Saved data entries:
- - - -

(* Let $\mathcal{L}$ be a Lie algebra and let $(U,\rho)$ be a finite-dimensional representation of $\mathcal{L}$. Suppose $x,y_1,y_2,\ldots\in\mathcal{L}$ satisfy $[x,y_k]=\nu_ky_k$ with $\nu_k\in\mathbb{C}$ for $k=1,2,\ldots$. Then the set $\{\nu_k:\rho(y_k)\neq 0\}$ has at most $(\dim U)^2-\dim U+1$ distinct elements. *)

theory Defs
  imports Main "Jordan_Normal_Form.Matrix"
begin

definition lie_algebra ::
  "(complex \<Rightarrow> 'L::ab_group_add \<Rightarrow> 'L) \<Rightarrow> ('L \<Rightarrow> 'L \<Rightarrow> 'L) \<Rightarrow> bool" where
  "lie_algebra sc br \<longleftrightarrow>
     vector_space sc \<and>
     (\<forall>a b c. br (a + b) c = br a c + br b c) \<and>
     (\<forall>a b c. br a (b + c) = br a b + br a c) \<and>
     (\<forall>t a b. br (sc t a) b = sc t (br a b)) \<and>
     (\<forall>t a b. br a (sc t b) = sc t (br a b)) \<and>
     (\<forall>a. br a a = 0) \<and>
     (\<forall>a b c. br a (br b c) + br b (br c a) + br c (br a b) = 0)"

text \<open>A finite-dimensional representation of dimension n, given (after a choice
  of basis of U = complex^n) as a Lie algebra homomorphism into gl_n(complex).\<close>
definition lie_rep ::
  "(complex \<Rightarrow> 'L::ab_group_add \<Rightarrow> 'L) \<Rightarrow> ('L \<Rightarrow> 'L \<Rightarrow> 'L) \<Rightarrow> nat \<Rightarrow> ('L \<Rightarrow> complex mat) \<Rightarrow> bool" where
  "lie_rep sc br n \<rho> \<longleftrightarrow>
     (\<forall>a. \<rho> a \<in> carrier_mat n n) \<and>
     (\<forall>a b. \<rho> (a + b) = \<rho> a + \<rho> b) \<and>
     (\<forall>t a. \<rho> (sc t a) = smult_mat t (\<rho> a)) \<and>
     (\<forall>a b. \<rho> (br a b) = \<rho> a * \<rho> b - \<rho> b * \<rho> a)"

end

theory Submission
  imports Defs "Jordan_Normal_Form.Schur_Decomposition"
begin

text \<open>Triangularise \<open>\<rho> x = P B P\<^sup>-\<^sup>1\<close> with \<open>B\<close> upper triangular. If \<open>[\<rho> x, \<rho> y] = \<nu> \<rho> y\<close>
  with \<open>\<rho> y \<noteq> 0\<close>, then \<open>Z = P\<^sup>-\<^sup>1 (\<rho> y) P \<noteq> 0\<close> satisfies \<open>B Z - Z B = \<nu> Z\<close>. At the nonzero
  entry \<open>(i, j)\<close> of \<open>Z\<close> in the lowest nonzero row and, within it, the leftmost column, this
  equation reads \<open>(B\<^sub>i\<^sub>i - B\<^sub>j\<^sub>j) Z\<^sub>i\<^sub>j = \<nu> Z\<^sub>i\<^sub>j\<close>. So every such \<open>\<nu>\<close> is a difference of two
  diagonal entries of \<open>B\<close>, and there are at most \<open>n\<^sup>2 - n + 1\<close> of those: the \<open>n\<^sup>2 - n\<close>
  off-diagonal pairs, plus \<open>0\<close>.\<close>

lemma nonzero_mat_lowest_leftmost_entry:
  assumes Z: "Z \<in> carrier_mat n n" and nz: "Z \<noteq> 0\<^sub>m n n"
  obtains i j where "i < n" "j < n" "Z $$ (i,j) \<noteq> 0"
    and "\<And>k l. i < k \<Longrightarrow> k < n \<Longrightarrow> l < n \<Longrightarrow> Z $$ (k,l) = 0"
    and "\<And>l. l < j \<Longrightarrow> Z $$ (i,l) = 0"
proof -
  define I where "I = {i. i < n \<and> (\<exists>j<n. Z $$ (i,j) \<noteq> 0)}"
  have "I \<noteq> {}"
  proof
    assume "I = {}"
    then have "Z = 0\<^sub>m n n" using Z unfolding I_def by (intro eq_matI) auto
    with nz show False by contradiction
  qed
  moreover have "finite I" unfolding I_def by simp
  ultimately have i: "Max I \<in> I" "\<And>k. k \<in> I \<Longrightarrow> k \<le> Max I" by auto
  define J where "J = {j. j < n \<and> Z $$ (Max I, j) \<noteq> 0}"
  have "J \<noteq> {}" "finite J" using i(1) unfolding I_def J_def by auto
  then have j: "Min J \<in> J" "\<And>l. l \<in> J \<Longrightarrow> Min J \<le> l" by auto
  show ?thesis
  proof (rule that[of "Max I" "Min J"])
    show "Max I < n" using i(1) unfolding I_def by simp
    show "Min J < n" "Z $$ (Max I, Min J) \<noteq> 0" using j(1) unfolding J_def by auto
    show "Z $$ (k,l) = 0" if "Max I < k" "k < n" "l < n" for k l
      using that i(2)[of k] unfolding I_def by fastforce
    show "Z $$ (Max I, l) = 0" if "l < Min J" for l
      using that j(2)[of l] \<open>Min J < n\<close> unfolding J_def by fastforce
  qed
qed

lemma upper_triangular_mult_mat_lowest_row:
  assumes B: "B \<in> carrier_mat n n" and Z: "Z \<in> carrier_mat n n"
    and "upper_triangular B" and "i < n" and "j < n"
    and below: "\<And>k. i < k \<Longrightarrow> k < n \<Longrightarrow> Z $$ (k,j) = 0"
  shows "(B * Z) $$ (i,j) = B $$ (i,i) * Z $$ (i,j)"
proof -
  have "(B * Z) $$ (i,j) = (\<Sum>k\<in>{0..<n}. B $$ (i,k) * Z $$ (k,j))"
    using B Z assms(4,5) by (simp add: scalar_prod_def)
  also have "\<dots> = (\<Sum>k\<in>{0..<n}. if k = i then B $$ (i,i) * Z $$ (i,j) else 0)"
  proof (rule sum.cong)
    fix k assume "k \<in> {0..<n}"
    then show "B $$ (i,k) * Z $$ (k,j) = (if k = i then B $$ (i,i) * Z $$ (i,j) else 0)"
      using assms upper_triangularD[of B k i] below[of k] by (cases k i rule: linorder_cases) auto
  qed simp
  finally show ?thesis using \<open>i < n\<close> by simp
qed

lemma mult_upper_triangular_mat_leftmost_column:
  assumes B: "B \<in> carrier_mat n n" and Z: "Z \<in> carrier_mat n n"
    and "upper_triangular B" and "i < n" and "j < n"
    and left: "\<And>l. l < j \<Longrightarrow> Z $$ (i,l) = 0"
  shows "(Z * B) $$ (i,j) = Z $$ (i,j) * B $$ (j,j)"
proof -
  have "(Z * B) $$ (i,j) = (\<Sum>k\<in>{0..<n}. Z $$ (i,k) * B $$ (k,j))"
    using B Z assms(4,5) by (simp add: scalar_prod_def)
  also have "\<dots> = (\<Sum>k\<in>{0..<n}. if k = j then Z $$ (i,j) * B $$ (j,j) else 0)"
  proof (rule sum.cong)
    fix k assume "k \<in> {0..<n}"
    then show "Z $$ (i,k) * B $$ (k,j) = (if k = j then Z $$ (i,j) * B $$ (j,j) else 0)"
      using assms upper_triangularD[of B j k] left[of k] by (cases k j rule: linorder_cases) auto
  qed simp
  finally show ?thesis using \<open>j < n\<close> by simp
qed

lemma upper_triangular_commutator_eigenvalue:
  fixes B Z :: "'a::field mat"
  assumes B: "B \<in> carrier_mat n n" and Z: "Z \<in> carrier_mat n n"
    and ut: "upper_triangular B"
    and eigen: "B * Z - Z * B = \<nu> \<cdot>\<^sub>m Z" and nz: "Z \<noteq> 0\<^sub>m n n"
  shows "\<exists>i<n. \<exists>j<n. \<nu> = B $$ (i,i) - B $$ (j,j)"
proof -
  obtain i j where ij: "i < n" "j < n" "Z $$ (i,j) \<noteq> 0"
    and below: "\<And>k l. i < k \<Longrightarrow> k < n \<Longrightarrow> l < n \<Longrightarrow> Z $$ (k,l) = 0"
    and left: "\<And>l. l < j \<Longrightarrow> Z $$ (i,l) = 0"
    using nonzero_mat_lowest_leftmost_entry[OF Z nz] by blast
  have "B $$ (i,i) * Z $$ (i,j) - Z $$ (i,j) * B $$ (j,j) = \<nu> * Z $$ (i,j)"
    using arg_cong[OF eigen, of "\<lambda>M. M $$ (i,j)"] B Z ij
      upper_triangular_mult_mat_lowest_row[OF B Z ut ij(1,2) below]
      mult_upper_triangular_mat_leftmost_column[OF B Z ut ij(1,2) left]
    by simp
  then have "(B $$ (i,i) - B $$ (j,j)) * Z $$ (i,j) = \<nu> * Z $$ (i,j)"
    by (simp add: algebra_simps)
  then show ?thesis using ij by auto
qed

lemma similar_mat_wit_commutator_eigen:
  fixes X Y :: "'a::comm_ring_1 mat"
  assumes wit: "similar_mat_wit X B P Q"
    and X: "X \<in> carrier_mat n n" and Y: "Y \<in> carrier_mat n n"
    and eigen: "X * Y - Y * X = \<nu> \<cdot>\<^sub>m Y"
  shows "B * (Q * Y * P) - (Q * Y * P) * B = \<nu> \<cdot>\<^sub>m (Q * Y * P)"
    and "Y = P * (Q * Y * P) * Q"
proof -
  have P: "P \<in> carrier_mat n n" and Q: "Q \<in> carrier_mat n n" and B: "B \<in> carrier_mat n n"
    and PQ: "P * Q = 1\<^sub>m n" and QP: "Q * P = 1\<^sub>m n" and XB: "X = P * B * Q"
    using wit X unfolding similar_mat_wit_def Let_def by auto
  have "Q * (X * Y) * P = (Q * P) * B * (Q * Y * P)"
    using P Q B Y by (simp add: XB assoc_mult_mat[of _ n n _ n _ n])
  then have "B * (Q * Y * P) = Q * (X * Y) * P"
    using B QP by simp
  moreover have "Q * (Y * X) * P = (Q * Y * P) * B * (Q * P)"
    using P Q B Y by (simp add: XB assoc_mult_mat[of _ n n _ n _ n])
  then have "(Q * Y * P) * B = Q * (Y * X) * P"
    using B P Q Y QP by simp
  moreover have "Q * (X * Y - Y * X) * P = Q * (X * Y) * P - Q * (Y * X) * P"
    using X Y P Q
    by (simp add: mult_minus_distrib_mat[of Q n n _ n] minus_mult_distrib_mat[of _ n n _ _ n])
  ultimately show "B * (Q * Y * P) - (Q * Y * P) * B = \<nu> \<cdot>\<^sub>m (Q * Y * P)"
    using P Q Y by (simp add: eigen mult_smult_distrib[of _ n n] mult_smult_assoc_mat[of _ n n])
  have "P * (Q * Y * P) * Q = (P * Q) * Y * (P * Q)"
    using P Q Y by (simp add: assoc_mult_mat[of _ n n _ n _ n])
  then show "Y = P * (Q * Y * P) * Q"
    using Y PQ by simp
qed

lemma commutator_eigenvalues_diag_differences:
  fixes X :: "complex mat"
  assumes X: "X \<in> carrier_mat n n"
  obtains d where "\<And>Y \<nu>. Y \<in> carrier_mat n n \<Longrightarrow> Y \<noteq> 0\<^sub>m n n \<Longrightarrow> X * Y - Y * X = \<nu> \<cdot>\<^sub>m Y \<Longrightarrow>
    \<nu> \<in> (\<lambda>(i,j). d i - d j) ` ({..<n} \<times> {..<n})"
proof -
  obtain es where "char_poly X = (\<Prod>a\<leftarrow>es. [:- a, 1:])"
    using char_poly_factorized[OF X] by blast
  then obtain B P Q where B: "B \<in> carrier_mat n n" "upper_triangular B"
    and wit: "similar_mat_wit X B P Q"
    using schur_decomposition_exists[OF X] unfolding similar_mat_def by blast
  show ?thesis
  proof (rule that[of "\<lambda>i. B $$ (i,i)"])
    fix Y \<nu> assume Y: "Y \<in> carrier_mat n n" and "Y \<noteq> 0\<^sub>m n n"
      and eigen: "X * Y - Y * X = \<nu> \<cdot>\<^sub>m Y"
    have PQ: "P \<in> carrier_mat n n" "Q \<in> carrier_mat n n"
      using wit X unfolding similar_mat_wit_def Let_def by auto
    note Z = similar_mat_wit_commutator_eigen[OF wit X Y eigen]
    have "Q * Y * P \<noteq> 0\<^sub>m n n"
      using Z(2) PQ \<open>Y \<noteq> 0\<^sub>m n n\<close> by auto
    with upper_triangular_commutator_eigenvalue[OF B(1) _ B(2) Z(1)] PQ Y
    show "\<nu> \<in> (\<lambda>(i,j). B $$ (i,i) - B $$ (j,j)) ` ({..<n} \<times> {..<n})" by fastforce
  qed
qed

lemma card_differences_le:
  fixes d :: "nat \<Rightarrow> 'a::ab_group_add"
  shows "card ((\<lambda>(i,j). d i - d j) ` ({..<n} \<times> {..<n})) \<le> n ^ 2 - n + 1"
proof -
  define off_diag where "off_diag = {..<n} \<times> {..<n} - (\<lambda>i. (i,i)) ` {..<n}"
  have "card off_diag = n ^ 2 - n"
    unfolding off_diag_def
    by (subst card_Diff_subset) (auto simp: card_image inj_on_def power2_eq_square)
  have "(\<lambda>(i,j). d i - d j) ` ({..<n} \<times> {..<n}) \<subseteq> insert 0 ((\<lambda>(i,j). d i - d j) ` off_diag)"
    unfolding off_diag_def by auto
  then have "card ((\<lambda>(i,j). d i - d j) ` ({..<n} \<times> {..<n}))
      \<le> card (insert 0 ((\<lambda>(i,j). d i - d j) ` off_diag))"
    by (intro card_mono) (auto simp: off_diag_def)
  also have "\<dots> \<le> card off_diag + 1"
    using card_image_le[of off_diag "\<lambda>(i,j). d i - d j"]
    by (simp add: off_diag_def card_insert_if)
  finally show ?thesis using \<open>card off_diag = n ^ 2 - n\<close> by simp
qed

lemma lie_rep_eigenvector:
  assumes "lie_rep sc br n \<rho>" and "br x y = sc \<nu> y"
  shows "\<rho> x * \<rho> y - \<rho> y * \<rho> x = \<nu> \<cdot>\<^sub>m \<rho> y"
  using assms unfolding lie_rep_def by metis

theorem lemma2:
  fixes sc :: "complex \<Rightarrow> 'L::ab_group_add \<Rightarrow> 'L"
    and br :: "'L \<Rightarrow> 'L \<Rightarrow> 'L"
    and n :: nat
    and \<rho> :: "'L \<Rightarrow> complex mat"
    and x :: 'L and y :: "nat \<Rightarrow> 'L" and \<nu> :: "nat \<Rightarrow> complex"
  assumes "lie_algebra sc br"
    and "lie_rep sc br n \<rho>"
    and "\<And>k. br x (y k) = sc (\<nu> k) (y k)"
  shows "finite {\<nu> k | k. \<rho> (y k) \<noteq> 0\<^sub>m n n} \<and>
         card {\<nu> k | k. \<rho> (y k) \<noteq> 0\<^sub>m n n} \<le> n ^ 2 - n + 1"
proof -
  have carrier: "\<rho> a \<in> carrier_mat n n" for a
    using assms(2) unfolding lie_rep_def by blast
  obtain d where d: "\<And>Y \<nu>. Y \<in> carrier_mat n n \<Longrightarrow> Y \<noteq> 0\<^sub>m n n \<Longrightarrow>
      \<rho> x * Y - Y * \<rho> x = \<nu> \<cdot>\<^sub>m Y \<Longrightarrow> \<nu> \<in> (\<lambda>(i,j). d i - d j) ` ({..<n} \<times> {..<n})"
    using commutator_eigenvalues_diag_differences[OF carrier] by blast
  have "{\<nu> k | k. \<rho> (y k) \<noteq> 0\<^sub>m n n} \<subseteq> (\<lambda>(i,j). d i - d j) ` ({..<n} \<times> {..<n})"
    using d[OF carrier] lie_rep_eigenvector[OF assms(2,3)] by blast
  then show ?thesis
    using card_differences_le[of d n] by (meson card_mono finite_SigmaI finite_imageI
        finite_lessThan finite_subset le_trans)
qed

end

- - - -

- WHAT IS REQUIRED:
All lines in the data above from the one with "theory Submission" through the one with "text \<open>Triangularise \<open>\<rho>" must be repeated exactly, and no others.

- TASK RESULT:
theory Submission
  imports Defs "Jordan_Normal_Form.Schur_Decomposition"
begin

text \<open>Triangularise \<open>\<rho> x = P B P\<^sup>-\<^sup>1\<close> with \<open>B\<close> upper triangular. If \<open>[\<rho> x, \<rho> y] = \<nu> \<rho> y\<close>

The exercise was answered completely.